Senator for the province of San José de Ocoa
- In office 16 August 2016 – 16 August 2020
- Preceded by: Carlos Castillo (Dominican Liberation Party)
- Succeeded by: José Antonio Castillo Casado (Modern Revolutionary Party)
- In office 16 August 2002 – 16 August 2010
- Preceded by: Office established
- Succeeded by: Carlos Castillo (PLD)

Personal details
- Born: 24 September 1951 (age 74) San José de Ocoa, Dominican Republic
- Party: Institutional Social Democratic Bloc (201?–present)
- Other political affiliations: Dominican Revolutionary Party (1976–201?)
- Spouse: Eva Gómez Espinal
- Children: 5 children, including actress Dalisa Alegría
- Parents: Rafael Antonio Alegría Domínguez (father); Mercedes Nidia Soto Martínez (mother);
- Profession: Businessman
- Ethnicity: White Dominican
- Net worth: RD$ 511.46 million (2016)

= Pedro Alegría =

Dominican Republic businessman and politician

Pedro José Alegría Soto (born 26 August 1951) is a businessman and politician from the Dominican Republic.
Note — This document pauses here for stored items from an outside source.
lemma exists_adjacent_outside_cell:
  assumes valid: "\<forall>T\<in>set E. valid_tree d (grid d B) T"
    and M: "(T,a,j,b) \<in> ens_nodes E" and anc: "(i,c,s) \<in> set a" "i \<noteq> j"
  shows "\<exists>y. adjacent d B j b y \<and> y \<notin> cell (grid d B) a"
proof -
  obtain k where k: "k < length a" "a!k = (i,c,s)"
    using anc(1) by (auto simp: in_set_conv_nth)
  then have "(T, take k a, i, c) \<in> ens_nodes E"
    using ancestor_closedD[OF ancestor_closed_ens_nodes M k(1)] by simp
  then obtain zi where "adjacent d B i c zi"
    using ens_node_split_witness[OF valid] by blast
  note i = adjacent_bounds[OF this]
  obtain zj where "adjacent d B j b zj"
    using ens_node_split_witness[OF valid M] by blast
  note j = adjacent_bounds[OF this]
  define y where "y = (grid_corner d)(j := b, i := if s then Suc c else c)"
  have "1 \<le> B"
    using j by simp
  then have "y \<in> grid d B" "y(j := Suc b) \<in> grid d B"
    unfolding y_def using i j anc(2)
    by (auto simp: fun_upd_twist intro!: fun_upd_in_grid grid_corner_in_grid)
  moreover have "y j = b"
    unfolding y_def using anc(2) by simp
  moreover have "(y i \<le> c) \<noteq> s"
    unfolding y_def by simp
  then have "y \<notin> cell (grid d B) a"
    using cell_memD anc(1) by blast
  ultimately show ?thesis
    unfolding adjacent_def by blast
qed

lemma df_gt_card_split_pairs:
  assumes valid: "\<forall>T\<in>set E. valid_tree d (grid d B) T" and ne: "E \<noteq> []" "1 \<le> B"
    and M: "(T,a,j,b) \<in> ens_nodes E" and anc: "(i,c,s) \<in> set a" "i \<noteq> j"
    and g: "g \<in> Fspace d B E" "\<forall>y. adjacent d B j b y \<longrightarrow> g y \<noteq> g (y(j:=Suc b))"
  shows "2 + card (split_pairs (ens_nodes E)) \<le> df d B E"
proof -
  let ?cell = "cell (grid d B)"
  obtain y where y: "adjacent d B j b y" "y \<notin> ?cell a"
    using exists_adjacent_outside_cell[OF valid M anc] by blast
  then obtain T' a' where M': "(T',a',j,b) \<in> ens_nodes E" "y \<in> ?cell a'" "y(j:=Suc b) \<in> ?cell a'"
    using Fspace_jump_at_node[OF g(1)] g(2) by blast
  have "y j = b"
    using y(1) unfolding adjacent_def by simp
  obtain z where z: "z \<in> ?cell a" "z j = b" "z(j:=Suc b) \<in> ?cell a"
    using ens_node_split_witness[OF valid M] unfolding adjacent_def by blast
  define N where "N = path_ancestors T a \<union> path_ancestors T' a'"
  define P where "P = path_splits a \<union> path_splits a'"
  have N: "finite N" "N \<subseteq> ens_nodes E" "ancestor_closed N" "split_pairs N = P"
    unfolding N_def P_def using path_ancestors_subset[OF M] path_ancestors_subset[OF M'(1)]
    by (auto simp: finite_path_ancestors ancestor_closed_Un ancestor_closed_path_ancestors
        split_pairs_Un split_pairs_path_ancestors)
  have jb: "(j,b) \<notin> P"
    unfolding P_def using adjacent_in_cell_not_split z M'(2,3) \<open>y j = b\<close> by blast
  let ?Q = "jumps_at P \<union> {(j,b,y) | y. y \<in> ?cell a}"
  have "1 + card P \<le> jump_dim d B E (jumps_at P)"
    using jump_dim_ge_card_split_pairs[OF valid ne N(1-3)] N(4) by simp
  moreover have "jump_dim d B E (jumps_at P) < jump_dim d B E ?Q"
    by (rule jump_dim_less_at_node[OF M _ _ z]) (use jb in \<open>auto simp: jumps_at_def P_def\<close>)
  moreover have "jump_dim d B E ?Q < jump_dim d B E (jumps_at (insert (j,b) P))"
    by (rule jump_dim_less_at_node[OF M'(1) _ _ M'(2) \<open>y j = b\<close> M'(3)])
      (use jb y(2) in \<open>auto simp: jumps_at_def P_def\<close>)
  moreover have "card (insert (j,b) P) = Suc (card P)"
    using jb N(1,4) finite_split_pairs by fastforce
  ultimately have "2 + card (insert (j,b) P) \<le> jump_dim d B E (jumps_at (insert (j,b) P))"
    by linarith
  moreover have "insert (j,b) P \<subseteq> split_pairs (ens_nodes E)"
    using split_pairsI[OF M] N(2,4) unfolding split_pairs_def by blast
  ultimately show ?thesis
    by (rule df_ge_add_card_split_pairs[OF valid])
qed

section \<open>Additive functions\<close>

definition breaks :: "nat \<Rightarrow> (nat \<Rightarrow> real) \<Rightarrow> nat set" where
  "breaks B f = {b\<in>{1..<B}. f b \<noteq> f (Suc b)}"

lemma finite_breaks: "finite (breaks B f)"
  unfolding breaks_def by simp

lemma breaks_empty_imp_constant:
  assumes "breaks B f = {}" "c \<in> {1..B}"
  shows "f c = f 1"
  using assms(2)
proof (induction c)
  case 0
  then show ?case by simp
next
  case (Suc c)
  show ?case
  proof (cases "c = 0")
    case False
    then have "c \<in> {1..<B}"
      using Suc.prems by simp
    then have "f c = f (Suc c)"
      using assms(1) unfolding breaks_def by blast
    then show ?thesis
      using Suc False by simp
  qed simp
qed

lemma breaks_nonempty:
  assumes "a \<in> {1..B}" "b \<in> {1..B}" "f a \<noteq> f b"
  shows "breaks B f \<noteq> {}"
  using assms breaks_empty_imp_constant by metis

lemma telescoping_breaks:
  assumes "x \<in> {1..B}"
  shows "f x = f B + (\<Sum>b\<in>breaks B f. (f b - f (Suc b)) * of_bool (x \<le> b))"
proof -
  let ?h = "\<lambda>b. (f b - f (Suc b)) * of_bool (x \<le> b)"
  have "(\<Sum>b\<in>breaks B f. ?h b) = (\<Sum>b\<in>{1..<B}. ?h b)"
    by (rule sum.mono_neutral_left) (auto simp: breaks_def)
  also have "\<dots> = (\<Sum>b\<in>{x..<B}. f b - f (Suc b))"
    by (rule sum.mono_neutral_cong_right) (use assms in auto)
  also have "\<dots> = - (\<Sum>b\<in>{x..<B}. f (Suc b) - f b)"
    by (simp add: sum_negf[symmetric])
  also have "\<dots> = f x - f B"
    using sum_Suc_diff'[of x B f] assms by simp
  finally show ?thesis
    by simp
qed

definition on_grid :: "nat \<Rightarrow> nat \<Rightarrow> ((nat \<Rightarrow> nat) \<Rightarrow> real) \<Rightarrow> (nat \<Rightarrow> nat) \<Rightarrow> real" where
  "on_grid d B f = (\<lambda>x. if x \<in> grid d B then f x else 0)"

lemma on_grid_additive_jump:
  assumes "finite I" "j \<in> I" "adjacent d B j b y"
  shows "on_grid d B (\<lambda>x. \<Sum>i\<in>I. fs i (x i)) y - on_grid d B (\<lambda>x. \<Sum>i\<in>I. fs i (x i)) (y(j:=Suc b))
    = fs j b - fs j (Suc b)"
proof -
  have y: "y \<in> grid d B" "y(j:=Suc b) \<in> grid d B" "y j = b"
    using assms(3) unfolding adjacent_def by auto
  have "(\<Sum>i\<in>I. fs i (y i)) = fs j b + (\<Sum>i\<in>I-{j}. fs i (y i))"
    using sum.remove[OF assms(1,2), of "\<lambda>i. fs i (y i)"] y(3) by simp
  moreover have "(\<Sum>i\<in>I. fs i ((y(j:=Suc b)) i)) = fs j (Suc b) + (\<Sum>i\<in>I-{j}. fs i ((y(j:=Suc b)) i))"
    using sum.remove[OF assms(1,2), of "\<lambda>i. fs i ((y(j:=Suc b)) i)"] by simp
  moreover have "(\<Sum>i\<in>I-{j}. fs i ((y(j:=Suc b)) i)) = (\<Sum>i\<in>I-{j}. fs i (y i))"
    by (rule sum.cong) auto
  ultimately show ?thesis
    unfolding on_grid_def using y(1,2) by simp
qed

lemma on_grid_additive_jumps_at_breaks:
  assumes "finite I" "j \<in> I" "b \<in> breaks B (fs j)" "adjacent d B j b y"
  shows "on_grid d B (\<lambda>x. \<Sum>i\<in>I. fs i (x i)) y \<noteq> on_grid d B (\<lambda>x. \<Sum>i\<in>I. fs i (x i)) (y(j:=Suc b))"
  using on_grid_additive_jump[OF assms(1,2,4), of fs] assms(3) unfolding breaks_def by auto

lemma breaks_subset_split_pairs:
  assumes I: "I \<subseteq> {1..d}" "finite I"
    and F: "on_grid d B (\<lambda>x. \<Sum>i\<in>I. fs i (x i)) \<in> Fspace d B E"
  shows "(SIGMA i:I. breaks B (fs i)) \<subseteq> split_pairs (ens_nodes E)"
proof clarify
  fix j b
  assume jb: "j \<in> I" "b \<in> breaks B (fs j)"
  then have "j \<in> {1..d}" "b \<in> {1..<B}"
    using I(1) unfolding breaks_def by auto
  then have "adjacent d B j b ((grid_corner d)(j:=b))"
    unfolding adjacent_def by (auto intro!: fun_upd_in_grid grid_corner_in_grid)
  then obtain T a where "(T,a,j,b) \<in> ens_nodes E"
    using Fspace_jump_at_node[OF F] on_grid_additive_jumps_at_breaks[where fs = fs, OF I(2) jb] by blast
  then show "(j,b) \<in> split_pairs (ens_nodes E)"
    by (rule split_pairsI)
qed

lemma df_ge_card_breaks:
  assumes "E \<in> TSE d B l" "1 \<le> l" "1 \<le> B" "I \<subseteq> {1..d}" "finite I"
    and "on_grid d B (\<lambda>x. \<Sum>i\<in>I. fs i (x i)) \<in> Fspace d B E"
  shows "1 + card (SIGMA i:I. breaks B (fs i)) \<le> df d B E"
proof -
  have "\<forall>T\<in>set E. valid_tree d (grid d B) T" "E \<noteq> []"
    using assms(1,2) unfolding TSE_def by auto
  then have "1 + card (split_pairs (ens_nodes E)) \<le> df d B E"
    using df_ge_card_split_pairs assms(3) by blast
  moreover have "card (SIGMA i:I. breaks B (fs i)) \<le> card (split_pairs (ens_nodes E))"
    by (rule card_mono[OF finite_split_pairs[OF finite_ens_nodes] breaks_subset_split_pairs[OF assms(4-6)]])
  ultimately show ?thesis
    by linarith
qed

section \<open>Ensembles of threshold trees\<close>

definition grid_le :: "nat \<Rightarrow> nat \<Rightarrow> nat \<Rightarrow> nat \<Rightarrow> (nat \<Rightarrow> nat) set" where
  "grid_le d B i u = {x\<in>grid d B. x i \<le> u}"

lemma grid_le_split: "b \<le> u \<Longrightarrow> {x\<in>grid_le d B i u. x i \<le> b} = grid_le d B i b"
  unfolding grid_le_def by auto

lemma grid_le_top: "i \<in> {1..d} \<Longrightarrow> grid_le d B i B = grid d B"
  unfolding grid_le_def grid_def by auto

fun cut_tree :: "nat \<Rightarrow> nat set \<Rightarrow> nat \<Rightarrow> tree" where
  "cut_tree i K 0 = Leaf"
| "cut_tree i K (Suc n) = (if Suc n \<in> K then Node i (Suc n) (cut_tree i K n) Leaf else cut_tree i K n)"

lemma valid_cut_tree:
  assumes "i \<in> {1..d}" "n < u" "u \<le> B"
  shows "valid_tree d (grid_le d B i u) (cut_tree i K n)"
  using assms(2,3)
proof (induction n arbitrary: u)
  case 0
  then show ?case by simp
next
  case (Suc n)
  show ?case
  proof (cases "Suc n \<in> K")
    case True
    have "(grid_corner d)(i:=1) \<in> grid_le d B i (Suc n)"
      "(grid_corner d)(i:=Suc (Suc n)) \<in> grid_le d B i u"
      unfolding grid_le_def using assms(1) Suc.prems
      by (auto intro!: fun_upd_in_grid grid_corner_in_grid)
    then have "{x\<in>grid_le d B i u. x i \<le> Suc n} \<noteq> {}" "{x\<in>grid_le d B i u. Suc n < x i} \<noteq> {}"
      using grid_le_split[of "Suc n" u d B i] Suc.prems by auto
    moreover have "valid_tree d (grid_le d B i (Suc n)) (cut_tree i K n)"
      using Suc.IH Suc.prems by simp
    ultimately show ?thesis
      using grid_le_split[of "Suc n" u d B i] Suc.prems assms(1) True by simp
  next
    case False
    then show ?thesis
      using Suc.IH[of u] Suc.prems by simp
  qed
qed

lemma leaf_indicators_cut_tree:
  assumes "n < u"
  shows "(\<lambda>A. indicator A) ` leaves (grid_le d B i u) (cut_tree i K n)
    \<subseteq> funs.span (insert (indicator (grid_le d B i u)) ((\<lambda>b. indicator (grid_le d B i b)) ` K))"
  using assms
proof (induction n arbitrary: u)
  case 0
  then show ?case by (simp add: funs.span_base)
next
  case (Suc n)
  let ?G = "\<lambda>u. insert (indicator (grid_le d B i u)) ((\<lambda>b. indicator (grid_le d B i b)) ` K)"
  show ?case
  proof (cases "Suc n \<in> K")
    case True
    have "funs.span (?G (Suc n)) \<subseteq> funs.span (?G u)"
      using True by (intro funs.span_mono) auto
    then have left: "(\<lambda>A. indicator A) ` leaves (grid_le d B i (Suc n)) (cut_tree i K n) \<subseteq> funs.span (?G u)"
      using Suc.IH[of "Suc n"] by blast
    have "indicator {x\<in>grid_le d B i u. Suc n < x i}
        = indicator (grid_le d B i u) - (indicator (grid_le d B i (Suc n)) :: _ \<Rightarrow> real)"
      using Suc.prems by (auto simp: fun_eq_iff indicator_def grid_le_def)
    moreover have "indicator (grid_le d B i u) \<in> funs.span (?G u)"
      "indicator (grid_le d B i (Suc n)) \<in> funs.span (?G u)"
      using True by (auto intro: funs.span_base)
    ultimately have "indicator {x\<in>grid_le d B i u. Suc n < x i} \<in> funs.span (?G u)"
      by (simp add: funs.span_diff)
    then show ?thesis
      using left True grid_le_split[of "Suc n" u d B i] Suc.prems by simp
  next
    case False
    then show ?thesis
      using Suc by simp
  qed
qed

lemma grid_le_in_leaf_span_cut_tree:
  assumes "b \<in> K" "1 \<le> b" "b \<le> n" "n < u"
  shows "indicator (grid_le d B i b) \<in> leaf_span (grid_le d B i u) (cut_tree i K n)"
  using assms(3,4)
proof (induction n arbitrary: u)
  case 0
  then show ?case using assms(2) by simp
next
  case (Suc n)
  show ?case
  proof (cases "Suc n \<in> K")
    case True
    have sub: "leaf_span (grid_le d B i (Suc n)) (cut_tree i K n) \<subseteq> leaf_span (grid_le d B i u) (cut_tree i K (Suc n))"
      using leaf_span_children(1)[of "grid_le d B i u" i "Suc n" "cut_tree i K n" Leaf]
        grid_le_split[of "Suc n" u d B i] True Suc.prems by simp
    show ?thesis
    proof (cases "b = Suc n")
      case True
      then show ?thesis
        using sub indicator_in_leaf_span by blast
    next
      case False
      then have "b \<le> n"
        using Suc.prems by simp
      then have "indicator (grid_le d B i b) \<in> leaf_span (grid_le d B i (Suc n)) (cut_tree i K n)"
        using Suc.IH[of "Suc n"] by simp
      then show ?thesis
        using sub by blast
    qed
  next
    case False
    then have "b \<noteq> Suc n"
      using assms(1) by auto
    then show ?thesis
      using Suc False by simp
  qed
qed

definition break_tree :: "nat \<Rightarrow> (nat \<Rightarrow> real) \<Rightarrow> nat \<Rightarrow> tree" where
  "break_tree B f i = cut_tree i (breaks B f) (B - 1)"

definition additive_ensemble :: "nat \<Rightarrow> (nat \<Rightarrow> nat \<Rightarrow> real) \<Rightarrow> nat set \<Rightarrow> nat \<Rightarrow> tree list" where
  "additive_ensemble B fs I l =
     map (\<lambda>i. break_tree B (fs i) i) (sorted_list_of_set I) @ replicate (l - card I) Leaf"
He was Senator for the province of San José de Ocoa and was elected in 2002, and re-elected in 2006; he has also been President of Lotería Electrónica Internacional Dominicana, S.A. (LEIDSA) —the largest private Dominican lottery— since its foundation in 1997.

Alegría has a Bachelor of Business Administration.

Pedro Alegría became the first senator elected from the Institutional Social Democratic Bloc after the 2016 general election.